EIPs function as Network Address Translation (NAT) IP addresses. In NAT mode, public IP addresses are assigned to gateways instead of the ENIs of ECS instances. Therefore, you can query only private IP addresses and cannot query public IP addresses in the operating system. Administrators must manually maintain the mapping between NICs or servers and public IP addresses. In addition, EIPs that are associated with resources in NAT mode do not support protocols such as H.323, Session Initiation Protocol (SIP), Domain Name System (DNS), or Real Time Streaming Protocol (RTSP).

Scenarios

The following scenario is used as an example. A company creates a VPC and vSwitch 1 on Alibaba Cloud. An Elastic Compute Service (ECS) instance is attached to vSwitch 1. vSwitch 1 is deployed in Zone A. Due to business growth, the company wants to provide Internet access to the ECS instance and the IT engineers want to view the network configurations of the ECS instance.

To meet the preceding requirements, you must create the following resources:
  • A secondary IPv4 CIDR block of the VPC and vSwitch 2: Specify the CIDR block of an EIP as the secondary IPv4 CIDR block of the VPC. Then, create vSwitch 2 in the specified CIDR block. You must deploy vSwitch 2 in Zone A where vSwitch 1 resides.
  • A secondary ENI: Create a secondary ENI in vSwitch 2, and then specify the EIP as the primary private IPv4 address of the secondary ENI.
After you create the secondary ENI, associate the secondary ENI with the EIP. Then, associate the secondary ENI with the ECS instance in Zone A. After you complete the preceding operations, the EIP is used as the primary private IPv4 address of the secondary ENI. You can view the EIP on the NIC in the operating system of the ECS instance.
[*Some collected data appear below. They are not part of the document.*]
(* Let $a,b,\beta\in\mathbb{C}$ and let $d=\{te^{i\alpha}:t\ge0\}$ be a ray with $\alpha\in(0,2\pi)$ (so $d\ne\mathbb{R}^+$). Consider the convolution equation $$F(p)=\frac{1}{1-p}\Big(p-\beta\int_0^pF(s)\,ds+a\,(F*F)(p)+b\,(F*F*F)(p)\Big),\qquad p\in d.$$ There is $\nu_0>0$ such that this equation has exactly one solution $F$ in $\bigcup_{\nu\ge\nu_0}L^1_\nu(d)$.
   Context: For $\nu>0$, $L^1_\nu(d)$ is the space of measurable functions $f$ on the ray $d=\{te^{i\alpha}:t\ge0\}$ with $\|f\|_\nu=\int_0^\infty|f(te^{i\alpha})|e^{-\nu t}\,dt<\infty$. Convolution is $(f*g)(p)=\int_0^pf(s)g(p-s)\,ds$, the integral taken along the segment from $0$ to $p$ in $d$. (This equation is the Borel transform of $f'+(1-\beta x^{-1})f=x^{-2}+af^2+bf^3$.) *)

theory Defs
  imports "HOL-Analysis.Analysis"
begin

text \<open>A function on the ray d = {t e^{i alpha} : t \<ge> 0} is represented by its
  parametrisation F :: real \<Rightarrow> complex, F t standing for F(t e^{i alpha});
  values at t < 0 are irrelevant.\<close>

definition ray_point :: "real \<Rightarrow> real \<Rightarrow> complex" where
  "ray_point \<alpha> t = complex_of_real t * exp (\<i> * complex_of_real \<alpha>)"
Expose the EIP
The following table describes the networking details.
Parameter CIDR block
EIP 120.XX.XX.106
Primary CIDR block of the VPC Primary CIDR block 10.0.0.0/8
vSwitch 1 10.0.0.0/24
Private IPv4 address of the primary ENI 10.0.0.202
Secondary IPv4 CIDR block of the VPC Secondary IPv4 CIDR block 120.XX.XX.0/24
vSwitch 2 120.XX.XX.0/25
Primary private IPv4 address of the secondary ENI 120.XX.XX.106

Prerequisites

  • A VPC and vSwitch 1 are created. vSwitch 1 is deployed in Zone A. For more information, see Create and manage a VPC.
  • An ECS instance is attached to vSwitch 1. For more information, see Create an instance by using the wizard.
  • Make sure that the security group rules of the ECS instance allow the ECS instance to access the Internet. For more information, see Overview.
  • An EIP is created for Internet access. For more information, see Apply for an EIP.

Procedure

Procedure

Step 1: Add a secondary IPv4 CIDR block to the VPC

Specify the CIDR block of the EIP as the secondary IPv4 CIDR block of the VPC.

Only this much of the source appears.